PROBLEM DESCRIPTION - Count how many lines hold "cases" in the records, and respond with that number by itself.

[Start of Attachment]

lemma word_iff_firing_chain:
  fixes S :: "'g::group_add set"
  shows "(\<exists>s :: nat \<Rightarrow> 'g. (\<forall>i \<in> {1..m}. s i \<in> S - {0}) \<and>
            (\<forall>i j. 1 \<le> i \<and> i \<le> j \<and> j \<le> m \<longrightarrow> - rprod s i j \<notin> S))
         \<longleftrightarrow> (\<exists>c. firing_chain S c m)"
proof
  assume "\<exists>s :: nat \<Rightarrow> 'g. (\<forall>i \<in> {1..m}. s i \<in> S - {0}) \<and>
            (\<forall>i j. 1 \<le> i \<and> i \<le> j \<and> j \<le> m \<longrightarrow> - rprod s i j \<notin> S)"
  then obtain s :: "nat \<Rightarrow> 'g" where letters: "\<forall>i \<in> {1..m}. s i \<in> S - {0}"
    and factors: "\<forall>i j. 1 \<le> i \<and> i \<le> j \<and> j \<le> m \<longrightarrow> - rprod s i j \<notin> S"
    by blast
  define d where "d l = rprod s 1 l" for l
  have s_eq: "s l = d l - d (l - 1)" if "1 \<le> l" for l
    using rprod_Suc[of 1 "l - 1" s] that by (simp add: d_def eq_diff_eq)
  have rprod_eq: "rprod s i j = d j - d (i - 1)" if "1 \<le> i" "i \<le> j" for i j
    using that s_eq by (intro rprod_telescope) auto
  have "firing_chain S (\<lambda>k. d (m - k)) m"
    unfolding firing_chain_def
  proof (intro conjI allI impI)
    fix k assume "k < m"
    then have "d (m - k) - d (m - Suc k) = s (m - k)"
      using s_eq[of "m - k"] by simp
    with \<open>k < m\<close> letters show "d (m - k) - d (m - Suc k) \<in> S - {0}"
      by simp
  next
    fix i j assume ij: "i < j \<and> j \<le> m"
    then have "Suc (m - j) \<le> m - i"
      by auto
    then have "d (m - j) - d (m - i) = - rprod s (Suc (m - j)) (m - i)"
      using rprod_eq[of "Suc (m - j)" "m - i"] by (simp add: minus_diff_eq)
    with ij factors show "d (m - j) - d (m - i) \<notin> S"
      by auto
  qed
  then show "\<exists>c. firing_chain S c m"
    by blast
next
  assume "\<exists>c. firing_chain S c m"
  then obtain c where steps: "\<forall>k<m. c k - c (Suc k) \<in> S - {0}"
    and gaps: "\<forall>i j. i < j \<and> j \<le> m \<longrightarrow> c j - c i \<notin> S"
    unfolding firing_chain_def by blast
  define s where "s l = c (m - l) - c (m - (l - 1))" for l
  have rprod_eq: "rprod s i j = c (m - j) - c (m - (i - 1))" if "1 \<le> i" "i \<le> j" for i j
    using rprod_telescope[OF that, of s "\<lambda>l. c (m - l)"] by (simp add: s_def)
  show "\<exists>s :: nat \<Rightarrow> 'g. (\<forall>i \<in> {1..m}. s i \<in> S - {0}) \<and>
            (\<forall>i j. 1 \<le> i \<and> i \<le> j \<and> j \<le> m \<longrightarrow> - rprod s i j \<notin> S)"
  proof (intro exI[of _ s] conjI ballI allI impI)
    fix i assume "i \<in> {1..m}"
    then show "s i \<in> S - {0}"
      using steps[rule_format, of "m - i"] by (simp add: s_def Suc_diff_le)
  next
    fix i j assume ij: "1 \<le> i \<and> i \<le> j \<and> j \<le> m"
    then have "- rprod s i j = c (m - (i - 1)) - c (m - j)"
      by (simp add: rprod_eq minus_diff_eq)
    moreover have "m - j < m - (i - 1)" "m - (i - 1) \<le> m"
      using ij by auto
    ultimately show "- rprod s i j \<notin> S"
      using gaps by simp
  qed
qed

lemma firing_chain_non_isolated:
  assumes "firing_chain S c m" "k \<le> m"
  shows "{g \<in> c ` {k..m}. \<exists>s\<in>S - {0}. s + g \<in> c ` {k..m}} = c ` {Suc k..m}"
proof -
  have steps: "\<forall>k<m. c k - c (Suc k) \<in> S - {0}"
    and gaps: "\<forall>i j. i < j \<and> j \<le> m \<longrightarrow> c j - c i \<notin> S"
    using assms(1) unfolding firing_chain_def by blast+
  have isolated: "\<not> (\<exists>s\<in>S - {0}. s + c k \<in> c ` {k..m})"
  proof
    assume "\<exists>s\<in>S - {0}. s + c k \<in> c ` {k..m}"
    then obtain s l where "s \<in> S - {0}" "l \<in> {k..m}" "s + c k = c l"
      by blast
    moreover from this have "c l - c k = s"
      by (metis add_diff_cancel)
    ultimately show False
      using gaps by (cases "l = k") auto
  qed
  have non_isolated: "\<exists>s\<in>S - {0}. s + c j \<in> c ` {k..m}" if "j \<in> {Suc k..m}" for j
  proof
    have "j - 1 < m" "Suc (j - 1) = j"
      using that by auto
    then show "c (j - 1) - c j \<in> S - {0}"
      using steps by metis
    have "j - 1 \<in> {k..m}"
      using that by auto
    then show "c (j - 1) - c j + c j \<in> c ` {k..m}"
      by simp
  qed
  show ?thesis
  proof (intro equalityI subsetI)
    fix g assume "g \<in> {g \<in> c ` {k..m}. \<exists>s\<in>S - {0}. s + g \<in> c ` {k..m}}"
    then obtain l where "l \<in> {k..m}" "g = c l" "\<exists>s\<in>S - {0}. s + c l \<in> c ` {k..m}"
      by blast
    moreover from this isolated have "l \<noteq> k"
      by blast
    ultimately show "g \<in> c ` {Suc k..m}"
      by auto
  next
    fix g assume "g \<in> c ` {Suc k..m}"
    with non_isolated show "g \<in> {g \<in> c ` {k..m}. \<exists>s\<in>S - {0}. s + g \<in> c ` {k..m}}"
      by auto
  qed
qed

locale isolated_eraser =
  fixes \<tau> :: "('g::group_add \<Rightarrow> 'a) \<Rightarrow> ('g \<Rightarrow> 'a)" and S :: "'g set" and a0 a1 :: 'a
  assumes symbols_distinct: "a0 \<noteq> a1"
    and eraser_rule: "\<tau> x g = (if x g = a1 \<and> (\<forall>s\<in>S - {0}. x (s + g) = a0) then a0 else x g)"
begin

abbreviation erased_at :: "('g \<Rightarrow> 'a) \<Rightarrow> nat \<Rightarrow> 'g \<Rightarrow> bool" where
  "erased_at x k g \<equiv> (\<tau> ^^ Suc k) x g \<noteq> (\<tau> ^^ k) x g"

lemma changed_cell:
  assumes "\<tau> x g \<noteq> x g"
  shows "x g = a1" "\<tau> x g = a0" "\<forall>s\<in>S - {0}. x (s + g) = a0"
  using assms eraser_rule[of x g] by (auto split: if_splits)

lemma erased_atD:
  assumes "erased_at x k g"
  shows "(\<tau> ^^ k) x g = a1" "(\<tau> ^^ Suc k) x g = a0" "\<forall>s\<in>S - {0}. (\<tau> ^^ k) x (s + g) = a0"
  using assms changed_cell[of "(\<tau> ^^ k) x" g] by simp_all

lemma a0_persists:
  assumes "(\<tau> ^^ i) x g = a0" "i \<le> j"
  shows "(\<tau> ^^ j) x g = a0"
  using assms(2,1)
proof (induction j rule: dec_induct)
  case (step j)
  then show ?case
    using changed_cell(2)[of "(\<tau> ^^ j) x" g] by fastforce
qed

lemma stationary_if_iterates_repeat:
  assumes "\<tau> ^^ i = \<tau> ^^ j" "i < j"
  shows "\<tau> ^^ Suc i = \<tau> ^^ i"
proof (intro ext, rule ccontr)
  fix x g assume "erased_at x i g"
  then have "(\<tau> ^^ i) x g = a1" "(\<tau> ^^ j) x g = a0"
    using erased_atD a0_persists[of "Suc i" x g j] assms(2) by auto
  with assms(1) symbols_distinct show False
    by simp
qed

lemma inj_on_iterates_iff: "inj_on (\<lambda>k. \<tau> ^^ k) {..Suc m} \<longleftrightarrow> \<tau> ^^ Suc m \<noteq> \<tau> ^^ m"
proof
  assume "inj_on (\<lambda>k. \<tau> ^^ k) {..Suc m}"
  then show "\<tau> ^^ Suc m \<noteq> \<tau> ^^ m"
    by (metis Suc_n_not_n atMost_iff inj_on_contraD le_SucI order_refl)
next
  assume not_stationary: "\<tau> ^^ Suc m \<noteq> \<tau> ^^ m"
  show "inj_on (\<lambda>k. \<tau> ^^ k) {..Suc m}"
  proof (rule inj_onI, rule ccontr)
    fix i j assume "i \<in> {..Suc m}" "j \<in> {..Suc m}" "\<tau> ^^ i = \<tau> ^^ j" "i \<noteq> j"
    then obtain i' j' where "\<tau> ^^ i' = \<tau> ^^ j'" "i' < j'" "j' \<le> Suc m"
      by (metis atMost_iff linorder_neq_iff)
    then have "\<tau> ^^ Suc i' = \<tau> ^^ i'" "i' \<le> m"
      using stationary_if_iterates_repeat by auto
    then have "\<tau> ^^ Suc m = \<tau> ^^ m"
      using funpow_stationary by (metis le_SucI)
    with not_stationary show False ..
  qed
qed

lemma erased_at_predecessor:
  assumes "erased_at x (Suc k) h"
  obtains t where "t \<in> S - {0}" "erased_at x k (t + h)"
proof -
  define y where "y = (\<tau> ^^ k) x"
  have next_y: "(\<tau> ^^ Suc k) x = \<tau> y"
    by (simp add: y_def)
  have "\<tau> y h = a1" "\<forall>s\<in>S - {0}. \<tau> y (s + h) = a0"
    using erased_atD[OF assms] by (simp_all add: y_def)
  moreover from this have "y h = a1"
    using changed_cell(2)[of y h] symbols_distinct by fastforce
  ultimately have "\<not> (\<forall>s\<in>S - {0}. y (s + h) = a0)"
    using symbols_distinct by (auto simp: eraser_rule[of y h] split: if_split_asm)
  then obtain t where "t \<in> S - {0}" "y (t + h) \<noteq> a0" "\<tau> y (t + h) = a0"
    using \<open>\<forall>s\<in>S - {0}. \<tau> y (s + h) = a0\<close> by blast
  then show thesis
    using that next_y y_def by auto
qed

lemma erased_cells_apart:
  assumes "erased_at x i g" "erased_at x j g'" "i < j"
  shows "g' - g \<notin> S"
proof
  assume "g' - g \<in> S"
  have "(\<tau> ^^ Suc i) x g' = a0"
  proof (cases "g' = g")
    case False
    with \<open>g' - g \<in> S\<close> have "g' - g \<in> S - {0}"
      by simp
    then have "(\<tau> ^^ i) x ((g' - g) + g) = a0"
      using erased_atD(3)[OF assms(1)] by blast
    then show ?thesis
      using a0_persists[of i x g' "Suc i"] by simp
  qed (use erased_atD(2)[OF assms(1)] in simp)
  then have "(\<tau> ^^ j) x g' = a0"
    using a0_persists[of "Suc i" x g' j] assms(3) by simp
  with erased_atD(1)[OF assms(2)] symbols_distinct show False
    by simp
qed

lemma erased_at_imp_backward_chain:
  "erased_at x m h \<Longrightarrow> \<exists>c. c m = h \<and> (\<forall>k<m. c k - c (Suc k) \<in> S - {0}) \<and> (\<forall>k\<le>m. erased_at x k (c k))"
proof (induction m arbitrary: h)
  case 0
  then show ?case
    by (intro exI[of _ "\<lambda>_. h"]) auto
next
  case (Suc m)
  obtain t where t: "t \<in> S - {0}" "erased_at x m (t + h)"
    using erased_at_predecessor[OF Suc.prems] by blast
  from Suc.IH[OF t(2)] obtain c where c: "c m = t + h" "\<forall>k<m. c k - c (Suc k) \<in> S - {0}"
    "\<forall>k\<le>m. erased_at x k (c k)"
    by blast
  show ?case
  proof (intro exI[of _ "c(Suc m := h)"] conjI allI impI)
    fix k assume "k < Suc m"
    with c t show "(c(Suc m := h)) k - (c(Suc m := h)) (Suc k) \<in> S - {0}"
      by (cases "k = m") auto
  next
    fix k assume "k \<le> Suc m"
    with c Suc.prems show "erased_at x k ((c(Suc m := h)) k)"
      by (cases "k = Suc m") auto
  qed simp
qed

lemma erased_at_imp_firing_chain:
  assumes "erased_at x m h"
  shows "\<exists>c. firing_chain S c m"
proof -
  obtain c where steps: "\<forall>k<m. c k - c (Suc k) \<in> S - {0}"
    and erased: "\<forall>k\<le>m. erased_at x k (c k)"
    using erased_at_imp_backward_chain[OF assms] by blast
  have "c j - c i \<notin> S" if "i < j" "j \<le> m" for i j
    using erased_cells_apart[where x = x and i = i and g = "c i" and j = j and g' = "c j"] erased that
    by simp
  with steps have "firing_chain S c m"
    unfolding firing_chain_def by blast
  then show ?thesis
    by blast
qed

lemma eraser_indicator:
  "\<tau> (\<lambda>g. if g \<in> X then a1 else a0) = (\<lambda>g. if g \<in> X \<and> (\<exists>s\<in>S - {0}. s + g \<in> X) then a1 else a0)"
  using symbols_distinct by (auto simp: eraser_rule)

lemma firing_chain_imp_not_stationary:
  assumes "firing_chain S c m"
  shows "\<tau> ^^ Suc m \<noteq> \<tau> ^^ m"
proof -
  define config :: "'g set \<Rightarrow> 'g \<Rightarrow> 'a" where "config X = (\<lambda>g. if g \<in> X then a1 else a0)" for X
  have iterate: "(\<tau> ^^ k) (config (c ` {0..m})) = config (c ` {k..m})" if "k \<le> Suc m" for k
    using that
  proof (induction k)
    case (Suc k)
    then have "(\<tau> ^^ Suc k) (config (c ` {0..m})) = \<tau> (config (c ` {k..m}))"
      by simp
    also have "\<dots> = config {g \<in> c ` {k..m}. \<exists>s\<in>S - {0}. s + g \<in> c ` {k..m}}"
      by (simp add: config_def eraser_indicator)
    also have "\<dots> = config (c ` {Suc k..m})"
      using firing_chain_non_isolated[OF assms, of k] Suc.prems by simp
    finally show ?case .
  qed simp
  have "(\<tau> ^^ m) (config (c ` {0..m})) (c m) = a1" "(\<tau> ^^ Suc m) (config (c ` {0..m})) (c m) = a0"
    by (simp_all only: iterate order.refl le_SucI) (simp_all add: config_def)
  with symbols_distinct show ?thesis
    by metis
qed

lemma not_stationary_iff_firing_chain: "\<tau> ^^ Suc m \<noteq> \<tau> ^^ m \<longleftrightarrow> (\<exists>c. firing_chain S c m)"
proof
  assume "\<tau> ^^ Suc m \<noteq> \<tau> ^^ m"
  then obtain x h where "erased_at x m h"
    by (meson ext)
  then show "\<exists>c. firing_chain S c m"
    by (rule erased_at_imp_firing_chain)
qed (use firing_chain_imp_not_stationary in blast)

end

[End of Attachment]

WRITTEN REPLY - 4